Paul Dyer explores The Four Seasons‘ French connection in a Baroque cover version.

If you’ve ever caught yourself humming The Four Seasons in the shower, rest assured you’re not the first to seize on that vocal impulse and run with it. Twenty-five years after the death of Vivaldi, French composer Michel Corrette (1707-1795) paid tribute to the Red Priest’s most popular work with a sacred setting of Spring, reborn as the grand motet Laudate Dominum for choir, four solo singers and orchestra.

 This rarely heard delight from the French Baroque is an apt centrepiece in the Australian Brandenburg Orchestra’s first concerts for spring, performed alongside Vivaldi’s own choral masterpiece Dixit Dominus and another French Baroque work unleashing the forces of nature in music: Jean-Féry Rebel’s harmonically daring Les Éléments.
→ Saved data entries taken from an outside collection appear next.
lemma warped_dist_le_torus:
  assumes "x \<in> T1" "y \<in> T1"
  shows "warped_dist \<alpha> (s\<^sup>2) x y \<le> 2 * (B + 2) * s * dT2 (torus_map x) (torus_map y)"
proof -
  let ?d = "dist_int (of_int q * (x - y)) + dist_int (of_int q' * (x - y))"
  obtain j :: int where j: "\<bar>of_int j\<bar> \<le> (B + 1) * s * ?d"
    and short: "dist_int (x - y + j * \<alpha>) \<le> ?d / s"
    using exists_short_jump[of "x - y"] by blast
  have "warped_dist \<alpha> (s\<^sup>2) x y \<le> \<bar>of_int j\<bar> + s\<^sup>2 * dist_int (x + j * \<alpha> - y)"
    using s_pos assms by (intro warped_dist_le_jump) auto
  also have "\<dots> \<le> (B + 1) * s * ?d + s\<^sup>2 * (?d / s)"
    using j short by (intro add_mono mult_left_mono) (auto simp: algebra_simps)
  also have "\<dots> = (B + 2) * s * ?d"
    using s_pos by (simp add: power2_eq_square field_simps)
  also have "\<dots> \<le> (B + 2) * s * (2 * dT2 (torus_map x) (torus_map y))"
    using dT2_torus_map_ge B s_pos by (intro mult_left_mono) auto
  finally show ?thesis
    by (simp add: algebra_simps)
qed

lemma pullback_admissible:
  "warp_admissible_pseudo \<alpha> (s\<^sup>2) (\<lambda>x y. s * dT2 (torus_map x) (torus_map y) / (B + 2))"
  unfolding warp_admissible_pseudo_def
proof (intro conjI ballI)
  fix x y
  show "0 \<le> s * dT2 (torus_map x) (torus_map y) / (B + 2)"
    using s_pos B dT2_nonneg by simp
  show "s * dT2 (torus_map x) (torus_map y) / (B + 2) = s * dT2 (torus_map y) (torus_map x) / (B + 2)"
    using dT2_sym by simp
  have scaled_le: "dist_int (of_int m * w) \<le> r * dist_int w" if "\<bar>of_int m\<bar> \<le> r" for m :: int and r w
    using dist_int_mult_Ints_le[of "of_int m" w] mult_right_mono[OF that dist_int_nonneg[of w]] by simp
  have lipschitz: "dist_int (of_int q * w) + dist_int (of_int q' * w) \<le> (B + 2) * s * dist_int w" for w
    using scaled_le[of q s w] scaled_le[of q' "(B + 1) * s" w] q q' s by (simp add: algebra_simps)
  have "s * dT2 (torus_map x) (torus_map y) \<le> s * ((B + 2) * s * dist_int (x - y))"
    using order_trans[OF dT2_torus_map_le lipschitz] s_pos by (intro mult_left_mono) auto
  then show "s * dT2 (torus_map x) (torus_map y) / (B + 2) \<le> s\<^sup>2 * dT1 x y"
    using B by (simp add: pos_divide_le_eq power2_eq_square dT1_eq_dist_int algebra_simps)
next
  fix x y z
  show "s * dT2 (torus_map x) (torus_map z) / (B + 2)
      \<le> s * dT2 (torus_map x) (torus_map y) / (B + 2) + s * dT2 (torus_map y) (torus_map z) / (B + 2)"
    using dT2_triangle[of "torus_map x" "torus_map z" "torus_map y"] s_pos B
    by (simp add: add_divide_distrib[symmetric] divide_right_mono distrib_left[symmetric])
next
  fix z
  have step: "s * dT2 (torus_map z) (torus_map (frac (z + c))) / (B + 2) \<le> 1" if c: "c = \<alpha> \<or> c = - \<alpha>" for c
  proof -
    have "dist_int (of_int q * (z - frac (z + c))) = dist_int \<delta>"
      "dist_int (of_int q' * (z - frac (z + c))) = dist_int \<delta>'"
      unfolding \<delta>_def \<delta>'_def using c by (simp_all add: dist_int_mult_rotation_step)
    then have "dT2 (torus_map z) (torus_map (frac (z + c))) \<le> 2 / s"
      using dT2_torus_map_le[of z "frac (z + c)"] abs_\<delta>_le abs_\<delta>'_le dist_int_le_abs[of \<delta>]
        dist_int_le_abs[of \<delta>'] by simp
    then have "s * dT2 (torus_map z) (torus_map (frac (z + c))) \<le> 2"
      using s_pos by (simp add: field_simps)
    then show ?thesis
      using B by (simp add: pos_divide_le_eq)
  qed
  show "s * dT2 (torus_map z) (torus_map (frac (z + \<alpha>))) / (B + 2) \<le> 1"
    "s * dT2 (torus_map z) (torus_map (frac (z - \<alpha>))) / (B + 2) \<le> 1"
    using step[of \<alpha>] step[of "- \<alpha>"] by simp_all
qed

lemma torus_le_warped_dist:
  assumes "x \<in> T1" "y \<in> T1"
  shows "s * dT2 (torus_map x) (torus_map y) \<le> (B + 2) * warped_dist \<alpha> (s\<^sup>2) x y"
  using pseudo_admissible_le_warped_dist[OF _ pullback_admissible assms] s_pos B
  by (simp add: pos_divide_le_eq mult.commute)

lemma torus_map_dense:
  assumes "y \<in> T2"
  shows "\<exists>x\<in>T1. s * dT2 (torus_map x) y \<le> 1"
proof -
  obtain y1 y2 where y: "y = (y1, y2)"
    by (cases y)
  define N where "N = - round (of_int q' * y1 - of_int q * y2)"
  define H where "H = of_int q' * y1 - of_int q * y2 + N"
  have H: "\<bar>H\<bar> \<le> 1/2"
    using dist_int_le_half[of "of_int q' * y1 - of_int q * y2"] by (simp add: H_def N_def dist_int_def)
  text \<open>Shifting \<open>y\<close> by the integer vector \<open>N \<sigma> (p, p')\<close> makes \<open>q' Y\<^sub>1 - q Y\<^sub>2 = H\<close> small.\<close>
  define Y1 where "Y1 = y1 + of_int (N * \<sigma> * p)"
  define Y2 where "Y2 = y2 + of_int (N * \<sigma> * p')"
  have HY: "of_int q' * Y1 - of_int q * Y2 = H"
  proof -
    have "of_int q' * Y1 - of_int q * Y2 = of_int q' * y1 - of_int q * y2 + of_int (N * \<sigma> * (q' * p - q * p'))"
      unfolding Y1_def Y2_def by (simp add: algebra_simps)
    then show ?thesis
      unfolding det H_def using \<sigma> by auto
  qed
  define z where "z = \<sigma> * (\<delta>' * Y1 - \<delta> * Y2)"
  have "of_int q * z - Y1 = \<sigma> * \<delta> * H" "of_int q' * z - Y2 = \<sigma> * \<delta>' * H"
    unfolding z_def HY[symmetric] using \<delta>_det \<sigma>_sq
    by (simp_all add: algebra_simps)
  then have "of_int q * z - y1 = \<sigma> * \<delta> * H + of_int (N * \<sigma> * p)"
    "of_int q' * z - y2 = \<sigma> * \<delta>' * H + of_int (N * \<sigma> * p')"
    by (simp_all add: Y1_def Y2_def algebra_simps)
  then have dist_eq: "dist_int (of_int q * frac z - y1) = dist_int (\<sigma> * \<delta> * H)"
    "dist_int (of_int q' * frac z - y2) = dist_int (\<sigma> * \<delta>' * H)"
    by (simp_all add: dist_int_mult_frac_diff dist_int_add_Ints)
  have small: "dist_int (of_int \<sigma> * d * H) \<le> 1 / s * (1/2)" if "\<bar>d\<bar> \<le> 1 / s" for d :: real
  proof -
    have "\<bar>of_int \<sigma> * d * H\<bar> = \<bar>d\<bar> * \<bar>H\<bar>"
      using \<sigma> by (auto simp: abs_mult)
    also have "\<dots> \<le> 1 / s * (1/2)"
      using that H s_pos by (intro mult_mono) auto
    finally show ?thesis
      using dist_int_le_abs[of "of_int \<sigma> * d * H"] by linarith
  qed
  have "dT2 (torus_map (frac z)) y \<le> dist_int (\<sigma> * \<delta> * H) + dist_int (\<sigma> * \<delta>' * H)"
    using dT2_le_sum[of "torus_map (frac z)" y] dist_eq
    by (simp add: y torus_map_def dT1_eq_dist_int dist_int_frac_diff)
  also have "\<dots> \<le> 1 / s"
    using small[OF abs_\<delta>_le] small[OF abs_\<delta>'_le] by simp
  finally have "dT2 (torus_map (frac z)) y \<le> 1 / s" .
  then have "s * dT2 (torus_map (frac z)) y \<le> 1"
    using s_pos by (simp add: field_simps)
  then show ?thesis
    using frac_in_T1 by blast
qed

lemma quasi_isometry_torus_map:
  "quasi_isometry T1 (warped_dist \<alpha> (s\<^sup>2)) T2 (\<lambda>a b. s * dT2 a b) (2 * (B + 2)) 2 torus_map"
  unfolding quasi_isometry_def
proof (intro conjI ballI)
  show "torus_map ` T1 \<subseteq> T2"
    unfolding torus_map_def T2_def by (auto simp: frac_lt_1)
  fix x x' assume xx': "x \<in> T1" "x' \<in> T1"
  show "warped_dist \<alpha> (s\<^sup>2) x x' / (2 * (B + 2)) - 2 \<le> s * dT2 (torus_map x) (torus_map x')"
    using warped_dist_le_torus[OF xx'] B by (simp add: pos_divide_le_eq algebra_simps)
  have "0 \<le> warped_dist \<alpha> (s\<^sup>2) x x'"
    using warped_dist_nonneg xx' s_pos by simp
  then have "(B + 2) * warped_dist \<alpha> (s\<^sup>2) x x' \<le> 2 * (B + 2) * warped_dist \<alpha> (s\<^sup>2) x x'"
    using B by (intro mult_right_mono) auto
  then show "s * dT2 (torus_map x) (torus_map x') \<le> 2 * (B + 2) * warped_dist \<alpha> (s\<^sup>2) x x' + 2"
    using torus_le_warped_dist[OF xx'] by linarith
next
  fix y assume "y \<in> T2"
  then obtain x where "x \<in> T1" "s * dT2 (torus_map x) y \<le> 1"
    using torus_map_dense by blast
  then show "\<exists>x\<in>T1. s * dT2 (torus_map x) y \<le> 2"
    by force
qed

end

lemma exists_consecutive_cf_den:
  fixes s :: real
  assumes irrational: "\<alpha> \<notin> \<rat>" and s: "1 \<le> s"
  shows "\<exists>k. of_int (cf_den \<alpha> (Suc k)) \<le> s \<and> s < of_int (cf_den \<alpha> (Suc (Suc k)))"
proof -
  define P where "P k \<longleftrightarrow> s < of_int (cf_den \<alpha> (Suc (Suc k)))" for k
  have "P (nat \<lceil>s\<rceil>)"
    using cf_den_Suc_ge[OF irrational, of "Suc (nat \<lceil>s\<rceil>)"] unfolding P_def by linarith
  define m where "m = (LEAST k. P k)"
  have "P m"
    unfolding m_def by (rule LeastI) fact
  moreover have "of_int (cf_den \<alpha> (Suc m)) \<le> s"
  proof (cases m)
    case (Suc k)
    then have "\<not> P k"
      using not_less_Least[of k P] unfolding m_def by simp
    then show ?thesis
      using Suc by (simp add: P_def del: cf_den.simps)
  qed (use s in simp)
  ultimately show ?thesis
    unfolding P_def by blast
qed

lemma bounded_cf_quasi_isometry:
  assumes irrational: "\<alpha> \<notin> \<rat>" and B: "1 \<le> B" "\<And>n. real_of_int (cf_coeff \<alpha> n) \<le> B"
    and t: "t \<ge> 1"
  shows "\<exists>f. quasi_isometry T1 (warped_dist \<alpha> t) T2 (\<lambda>a b. sqrt t * dT2 a b) (2 * (B + 2)) 2 f"
proof -
  define s where "s = sqrt t"
  have s: "1 \<le> s"
    unfolding s_def using t by simp
  obtain k where k: "of_int (cf_den \<alpha> (Suc k)) \<le> s" "s < of_int (cf_den \<alpha> (Suc (Suc k)))"
    using exists_consecutive_cf_den[OF irrational s] by blast
  let ?q = "cf_den \<alpha> (Suc k)" and ?p = "cf_num \<alpha> (Suc k)"
    and ?q' = "cf_den \<alpha> (Suc (Suc k))" and ?p' = "cf_num \<alpha> (Suc (Suc k))"
  have q: "1 \<le> ?q"
    by (rule cf_den_Suc_pos[OF irrational])
  have "real_of_int ?q' \<le> (B + 1) * of_int ?q"
    by (rule cf_den_Suc_Suc_le[OF irrational B(2)])
  also have "\<dots> \<le> (B + 1) * s"
    using k(1) B by (intro mult_left_mono) auto
  finally have q': "real_of_int ?q' \<le> (B + 1) * s" .
  have "\<bar>cf_err \<alpha> (Suc k)\<bar> * of_int ?q' \<le> 1" "\<bar>cf_err \<alpha> (Suc (Suc k))\<bar> * of_int ?q' \<le> 1"
    by (rule cf_den_Suc_mult_err_le[OF irrational], rule cf_den_mult_err_le[OF irrational])
  then have approx: "of_int ?q' * \<bar>of_int ?q * \<alpha> - of_int ?p\<bar> \<le> 1"
    "of_int ?q' * \<bar>of_int ?q' * \<alpha> - of_int ?p'\<bar> \<le> 1"
    by (simp_all only: cf_err_def mult.commute)
  have "?q' * ?p - ?q * ?p' = (-1) ^ Suc k"
    by (rule cf_det[OF irrational])
  moreover have "((-1::int) ^ Suc k) = 1 \<or> ((-1::int) ^ Suc k) = -1"
    by (cases "even (Suc k)") (auto simp: neg_one_even_power neg_one_odd_power)
  ultimately interpret consecutive_convergents \<alpha> s B ?q ?p ?q' ?p' "(-1) ^ Suc k"
    using s B q q' k approx by unfold_locales auto
  have "s\<^sup>2 = t"
    unfolding s_def using t by simp
  then show ?thesis
    using quasi_isometry_torus_map unfolding s_def by auto
qed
Artistic director and harpsichordist Paul Dyer explains how the Celestial Vivaldi program came together.

How well does the string writing in the Spring violin concerto translate into this vocal setting, and how different is the instrumental component?

The instrumental score is very Vivaldi-esque. Corrette has well and truly pinched it! Corrette’s work isn’t an exact setting but certainly takes the main themes we know and love. The choir and soloists sing many of these and guest concertmaster Rachael Beesley has some stunning musical...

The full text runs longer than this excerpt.